_What to do_:
Retype, word for word, each line between the lines holding "w \<or> w \<preceq>" and "obtain k where", inclusive, and leave the rest of the data alone.

_Saved data entries_:
(* Let $T'$ and $T''$ be canonical subtrees (with respect to a weighted rooted tree $T$ and an integer $k\ge 4$) such that $T''$ is one of the connected components of the forest obtained from $T'$ by deleting the vertices of $C_{T'}$. Let $v$ be a vertex of $T''$. Let $X$ be the set of vertices in $C_{T'}$ that are ancestors of $v$ in $T$, let $x$ be the element of $X$ that is deepest in $T$, and let $x'$ be the child of $x$ that is an ancestor of $v$. Then $x'=rt(T'')$.
   Context: Let $T$ be a rooted tree on $n$ vertices with positive edge weights. Ancestor/descendant refer to $T$, and a vertex counts as its own ancestor and descendant. $T_v$ denotes the subtree of $T$ rooted at $v$. For every non-leaf vertex $v$ of $T$ fix a child $c_1(v)$ with $|T_{c_1(v)}|$ maximal among the children of $v$; the edges $(v,c_1(v))$ are called leftmost. A subtree $R$ of $T$ (connected subgraph) is rooted at its vertex closest to the root of $T$, denoted $rt(R)$, and inherits the leftmost labelling; $R_v$ is the subtree of $R$ rooted at $v$. For $v\in V(R)$, $P_R(v)$ is the longest downward path from $v$ in $R$ using only leftmost edges; its last vertex is $l(v)$, and $l(R):=l(rt(R))$. For an integer $d$, a vertex $v$ of $R$ is $d$-balanced (in $R$) if $|R_{c_1(v)}|\le |R|-d$ (where $|R_{c_1(v)}|=0$ if $c_1(v)$ is undefined or not in $R$). $b_d(v)$ is the first $d$-balanced vertex on $P_R(v)$, or NULL if none. Define $CV(R,d)=\emptyset$ if $b_d(rt(R))$ is NULL, and otherwise, with $b=b_d(rt(R))$, $CV(R,d)=\{b\}\cup\bigcup_{w}CV(R_w,d)$, the union over the children $w$ of $b$ in $R$. Fix an integer $k\ge 4$. For a subtree $R$ with $m$ vertices, $C_R:=V(R)$ if $k\ge m/2-1$, and otherwise $C_R:=CV(R,m/k)\cup\{l(R),rt(R)\}$. Canonical subtrees: $T$ is canonical; if $R$ is canonical, every connected component of the forest obtained from $R$ by deleting the vertices of $C_R$ (and incident edges) is canonical. *)

theory Defs
  imports Complex_Main
begin

definition anc :: "'a set \<Rightarrow> 'a \<Rightarrow> ('a \<Rightarrow> 'a) \<Rightarrow> 'a \<Rightarrow> 'a \<Rightarrow> bool" where
  "anc V r par u v \<longleftrightarrow> u \<in> V \<and> v \<in> V \<and>
     (\<exists>n. (par ^^ n) v = u \<and> (\<forall>i<n. (par ^^ i) v \<noteq> r))"

definition is_child :: "'a set \<Rightarrow> 'a \<Rightarrow> ('a \<Rightarrow> 'a) \<Rightarrow> 'a \<Rightarrow> 'a \<Rightarrow> bool" where
  "is_child V r par w v \<longleftrightarrow> w \<in> V \<and> w \<noteq> r \<and> par w = v"

definition rooted_tree :: "'a set \<Rightarrow> 'a \<Rightarrow> ('a \<Rightarrow> 'a) \<Rightarrow> bool" where
  "rooted_tree V r par \<longleftrightarrow> finite V \<and> r \<in> V \<and> (\<forall>v\<in>V - {r}. par v \<in> V)
     \<and> (\<forall>v\<in>V. anc V r par r v)"

definition subT :: "'a set \<Rightarrow> 'a \<Rightarrow> ('a \<Rightarrow> 'a) \<Rightarrow> 'a \<Rightarrow> 'a set" where
  "subT V r par u = {x. anc V r par u x}"

text \<open>c1 is a valid choice of leftmost (heaviest) children; its value on leaves is irrelevant.\<close>
definition leftmost_choice :: "'a set \<Rightarrow> 'a \<Rightarrow> ('a \<Rightarrow> 'a) \<Rightarrow> ('a \<Rightarrow> 'a) \<Rightarrow> bool" where
  "leftmost_choice V r par c1 \<longleftrightarrow> (\<forall>v\<in>V. (\<exists>w. is_child V r par w v) \<longrightarrow>
      is_child V r par (c1 v) v \<and>
      (\<forall>w. is_child V r par w v \<longrightarrow> card (subT V r par w) \<le> card (subT V r par (c1 v))))"

definition subtree :: "'a set \<Rightarrow> 'a \<Rightarrow> ('a \<Rightarrow> 'a) \<Rightarrow> 'a set \<Rightarrow> bool" where
  "subtree V r par S \<longleftrightarrow> S \<subseteq> V \<and> (\<exists>\<rho>\<in>S. \<forall>u\<in>S. anc V r par \<rho> u \<and>
      (\<forall>w. anc V r par \<rho> w \<and> anc V r par w u \<longrightarrow> w \<in> S))"

definition rt :: "'a set \<Rightarrow> 'a \<Rightarrow> ('a \<Rightarrow> 'a) \<Rightarrow> 'a set \<Rightarrow> 'a" where
  "rt V r par S = (THE \<rho>. \<rho> \<in> S \<and> (\<forall>u\<in>S. anc V r par \<rho> u))"

definition sub :: "'a set \<Rightarrow> 'a \<Rightarrow> ('a \<Rightarrow> 'a) \<Rightarrow> 'a set \<Rightarrow> 'a \<Rightarrow> 'a set" where
  "sub V r par S v = {u \<in> S. anc V r par v u}"

definition haslc :: "'a set \<Rightarrow> 'a \<Rightarrow> ('a \<Rightarrow> 'a) \<Rightarrow> ('a \<Rightarrow> 'a) \<Rightarrow> 'a set \<Rightarrow> 'a \<Rightarrow> bool" where
  "haslc V r par c1 S v \<longleftrightarrow> (\<exists>w. is_child V r par w v) \<and> c1 v \<in> S"

text \<open>length of the leftmost path P_R(v); its vertices are (c1^^i) v, i \<le> lplen\<close>
definition lplen :: "'a set \<Rightarrow> 'a \<Rightarrow> ('a \<Rightarrow> 'a) \<Rightarrow> ('a \<Rightarrow> 'a) \<Rightarrow> 'a set \<Rightarrow> 'a \<Rightarrow> nat" where
  "lplen V r par c1 S v = (LEAST n. \<not> haslc V r par c1 S ((c1 ^^ n) v))"

definition lend :: "'a set \<Rightarrow> 'a \<Rightarrow> ('a \<Rightarrow> 'a) \<Rightarrow> ('a \<Rightarrow> 'a) \<Rightarrow> 'a set \<Rightarrow> 'a \<Rightarrow> 'a" where
  "lend V r par c1 S v = (c1 ^^ lplen V r par c1 S v) v"

text \<open>d-balanced (d real, since it is instantiated with m/k)\<close>
definition balanced :: "'a set \<Rightarrow> 'a \<Rightarrow> ('a \<Rightarrow> 'a) \<Rightarrow> ('a \<Rightarrow> 'a) \<Rightarrow> 'a set \<Rightarrow> real \<Rightarrow> 'a \<Rightarrow> bool" where
  "balanced V r par c1 S d v \<longleftrightarrow> v \<in> S \<and>
     real (if haslc V r par c1 S v then card (sub V r par S (c1 v)) else 0) \<le> real (card S) - d"

text \<open>b_d(v): first d-balanced vertex on P_R(v), None = NULL\<close>
definition bd :: "'a set \<Rightarrow> 'a \<Rightarrow> ('a \<Rightarrow> 'a) \<Rightarrow> ('a \<Rightarrow> 'a) \<Rightarrow> 'a set \<Rightarrow> real \<Rightarrow> 'a \<Rightarrow> 'a option" where
  "bd V r par c1 S d v =
    (if \<exists>i \<le> lplen V r par c1 S v. balanced V r par c1 S d ((c1 ^^ i) v)
     then Some ((c1 ^^ (LEAST i. balanced V r par c1 S d ((c1 ^^ i) v))) v)
     else None)"

text \<open>Membership in CV(R,d), as the least solution of the recursive definition.\<close>
inductive in_CV :: "'a set \<Rightarrow> 'a \<Rightarrow> ('a \<Rightarrow> 'a) \<Rightarrow> ('a \<Rightarrow> 'a) \<Rightarrow> 'a set \<Rightarrow> real \<Rightarrow> 'a \<Rightarrow> bool"
  for V r par c1 where
  here: "bd V r par c1 S d (rt V r par S) = Some b \<Longrightarrow> in_CV V r par c1 S d b"
| below: "bd V r par c1 S d (rt V r par S) = Some b \<Longrightarrow> is_child V r par w b \<Longrightarrow> w \<in> S \<Longrightarrow>
     in_CV V r par c1 (sub V r par S w) d x \<Longrightarrow> in_CV V r par c1 S d x"

definition CV :: "'a set \<Rightarrow> 'a \<Rightarrow> ('a \<Rightarrow> 'a) \<Rightarrow> ('a \<Rightarrow> 'a) \<Rightarrow> 'a set \<Rightarrow> real \<Rightarrow> 'a set" where
  "CV V r par c1 S d = {x. in_CV V r par c1 S d x}"

definition CR :: "'a set \<Rightarrow> 'a \<Rightarrow> ('a \<Rightarrow> 'a) \<Rightarrow> ('a \<Rightarrow> 'a) \<Rightarrow> nat \<Rightarrow> 'a set \<Rightarrow> 'a set" where
  "CR V r par c1 k S =
    (if real k \<ge> real (card S) / 2 - 1 then S
     else CV V r par c1 S (real (card S) / real k)
          \<union> {lend V r par c1 S (rt V r par S), rt V r par S})"

definition comps :: "'a set \<Rightarrow> 'a \<Rightarrow> ('a \<Rightarrow> 'a) \<Rightarrow> 'a set \<Rightarrow> 'a set \<Rightarrow> 'a set set" where
  "comps V r par S C = {Q. Q \<noteq> {} \<and> subtree V r par Q \<and> Q \<subseteq> S - C \<and>
     (\<forall>Q'. subtree V r par Q' \<and> Q' \<subseteq> S - C \<and> Q \<subseteq> Q' \<longrightarrow> Q' = Q)}"

inductive canonical :: "'a set \<Rightarrow> 'a \<Rightarrow> ('a \<Rightarrow> 'a) \<Rightarrow> ('a \<Rightarrow> 'a) \<Rightarrow> nat \<Rightarrow> 'a set \<Rightarrow> bool"
  for V r par c1 k where
  top: "canonical V r par c1 k V"
| step: "canonical V r par c1 k R \<Longrightarrow> Q \<in> comps V r par R (CR V r par c1 k R) \<Longrightarrow>
     canonical V r par c1 k Q"

end

theory Submission
  imports Defs
begin

text \<open>The root \<rho> of T'' lies on the path from x' down to v: otherwise \<rho> would be a proper
  ancestor of x' and hence of x, and convexity of T'' would put x \<in> C_{T'} into T''.
  The path from x' to v stays inside T' (T' is convex and rt(T') \<in> C_{T'} lies above x) and
  avoids C_{T'} (x is the deepest vertex of C_{T'} above v), so T'' together with this path is a
  subtree of T' - C_{T'}. Maximality of the component T'' forces x' \<in> T'', hence x' = \<rho>.\<close>

lemma funpow_avoid_append:
  assumes "\<forall>i<n. (f ^^ i) b \<noteq> r" and "\<forall>i<m. (f ^^ i) ((f ^^ n) b) \<noteq> r"
  shows "\<forall>i<n + m. (f ^^ i) b \<noteq> r"
proof (intro allI impI)
  fix i assume i: "i < n + m"
  show "(f ^^ i) b \<noteq> r"
  proof (cases "i < n")
    case True
    then show ?thesis using assms(1) by blast
  next
    case False
    then have "i = (i - n) + n"
      by simp
    then have "(f ^^ i) b = (f ^^ (i - n)) ((f ^^ n) b)"
      by (metis comp_apply funpow_add)
    then show ?thesis using assms(2) False i by simp
  qed
qed

locale parent_map =
  fixes V :: "'a set" and r :: 'a and par :: "'a \<Rightarrow> 'a"
begin

abbreviation ancestor :: "'a \<Rightarrow> 'a \<Rightarrow> bool" (infix "\<preceq>" 50) where
  "u \<preceq> w \<equiv> anc V r par u w"

lemma anc_in_V: "u \<preceq> w \<Longrightarrow> u \<in> V \<and> w \<in> V"
  by (simp add: anc_def)

lemma anc_refl: "u \<in> V \<Longrightarrow> u \<preceq> u"
  unfolding anc_def by (intro conjI exI[of _ 0]) auto

lemma anc_trans:
  assumes "u \<preceq> w" and "w \<preceq> z"
  shows "u \<preceq> z"
proof -
  obtain n where n: "(par ^^ n) w = u" "\<forall>i<n. (par ^^ i) w \<noteq> r"
    using assms(1) unfolding anc_def by blast
  obtain m where m: "(par ^^ m) z = w" "\<forall>i<m. (par ^^ i) z \<noteq> r"
    using assms(2) unfolding anc_def by blast
  have "(par ^^ (n + m)) z = u"
    using n(1) m(1) by (simp add: funpow_add)
  moreover have "\<forall>i<m + n. (par ^^ i) z \<noteq> r"
    using funpow_avoid_append[OF m(2)] n(2) m(1) by simp
  moreover have "u \<in> V" "z \<in> V"
    using assms anc_in_V by blast+
  ultimately show ?thesis
    unfolding anc_def by (metis add.commute)
qed

lemma anc_funpow_le:
  assumes "n \<le> m" and "(par ^^ n) z = u" and "(par ^^ m) z = w" and "\<forall>i<m. (par ^^ i) z \<noteq> r"
    and "u \<in> V" and "w \<in> V"
  shows "w \<preceq> u"
proof -
  have "(par ^^ (m - n)) u = w"
    using assms(1-3) by (metis comp_apply funpow_add le_add_diff_inverse2)
  moreover have "(par ^^ i) u \<noteq> r" if "i < m - n" for i
    using assms(2,4) that by (metis comp_apply funpow_add less_diff_conv)
  ultimately show ?thesis
    unfolding anc_def using assms(5,6) by blast
qed

lemma anc_linear:
  assumes "u \<preceq> z" and "w \<preceq> z"
  shows "u \<preceq> w \<or> w \<preceq> u"
proof -
  obtain n where n: "(par ^^ n) z = u" "\<forall>i<n. (par ^^ i) z \<noteq> r"
    using assms(1) unfolding anc_def by blast
  obtain m where m: "(par ^^ m) z = w" "\<forall>i<m. (par ^^ i) z \<noteq> r"
    using assms(2) unfolding anc_def by blast
  have "u \<in> V" "w \<in> V"
    using assms anc_in_V by blast+
  then show ?thesis
    using anc_funpow_le[OF _ n(1) m] anc_funpow_le[OF _ m(1) n] by (meson nat_le_linear)
qed

lemma subtree_convex:
  assumes "subtree V r par S" and "a \<in> S" and "u \<in> S" and "a \<preceq> w" and "w \<preceq> u"
  shows "w \<in> S"
  using assms unfolding subtree_def by (meson anc_trans)

end

locale rooted_parent_tree = parent_map +
  assumes tree: "rooted_tree V r par"
begin

lemma no_cycle_avoiding_root:
  assumes "b \<in> V" and "0 < p" and "(par ^^ p) b = b" and "\<forall>i<p. (par ^^ i) b \<noteq> r"
  shows False
proof -
  obtain k where "(par ^^ k) b = r"
    using tree assms(1) unfolding rooted_tree_def anc_def by blast
  then have "(par ^^ (k mod p)) b = r"
    using funpow_mod_eq[OF assms(3)] by simp
  then show False
    using assms(2,4) by simp
qed

lemma anc_antisym:
  assumes "u \<preceq> w" and "w \<preceq> u"
  shows "u = w"
proof (rule ccontr)
  assume "u \<noteq> w"
  from assms(1) obtain n where n: "(par ^^ n) w = u" "\<forall>i<n. (par ^^ i) w \<noteq> r"
    unfolding anc_def by blast
  from assms(2) obtain m where m: "(par ^^ m) u = w" "\<forall>i<m. (par ^^ i) u \<noteq> r"
    unfolding anc_def by blast
  have "w \<in> V"
    using anc_in_V[OF assms(1)] by simp
  moreover have "0 < n + m"
    using \<open>u \<noteq> w\<close> n(1) by (cases n) auto
  moreover have "(par ^^ (m + n)) w = (par ^^ m) ((par ^^ n) w)"
    by (simp add: funpow_add)
  then have "(par ^^ (n + m)) w = w"
    by (simp only: n(1) m(1) add.commute)
  moreover have "\<forall>i<n + m. (par ^^ i) w \<noteq> r"
    using funpow_avoid_append[OF n(2)] m(2) unfolding n(1) .
  ultimately show False
    by (rule no_cycle_avoiding_root)
qed

lemma parent_anc_child:
  assumes "is_child V r par w u"
  shows "u \<preceq> w"
proof -
  have "w \<in> V" "w \<noteq> r" "par w = u"
    using assms unfolding is_child_def by auto
  moreover have "u \<in> V"
    using tree calculation unfolding rooted_tree_def by auto
  ultimately show ?thesis
    unfolding anc_def by (intro conjI exI[of _ 1]) auto
qed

_Output for this task_:
  shows "u \<preceq> w \<or> w \<preceq> u"
proof -
  obtain n where n: "(par ^^ n) z = u" "\<forall>i<n. (par ^^ i) z \<noteq> r"
    using assms(1) unfolding anc_def by blast
  obtain m where m: "(par ^^ m) z = w" "\<forall>i<m. (par ^^ i) z \<noteq> r"
    using assms(2) unfolding anc_def by blast
  have "u \<in> V" "w \<in> V"
    using assms anc_in_V by blast+
  then show ?thesis
    using anc_funpow_le[OF _ n(1) m] anc_funpow_le[OF _ m(1) n] by (meson nat_le_linear)
qed

lemma subtree_convex:
  assumes "subtree V r par S" and "a \<in> S" and "u \<in> S" and "a \<preceq> w" and "w \<preceq> u"
  shows "w \<in> S"
  using assms unfolding subtree_def by (meson anc_trans)

end

locale rooted_parent_tree = parent_map +
  assumes tree: "rooted_tree V r par"
begin

lemma no_cycle_avoiding_root:
  assumes "b \<in> V" and "0 < p" and "(par ^^ p) b = b" and "\<forall>i<p. (par ^^ i) b \<noteq> r"
  shows False
proof -
  obtain k where "(par ^^ k) b = r"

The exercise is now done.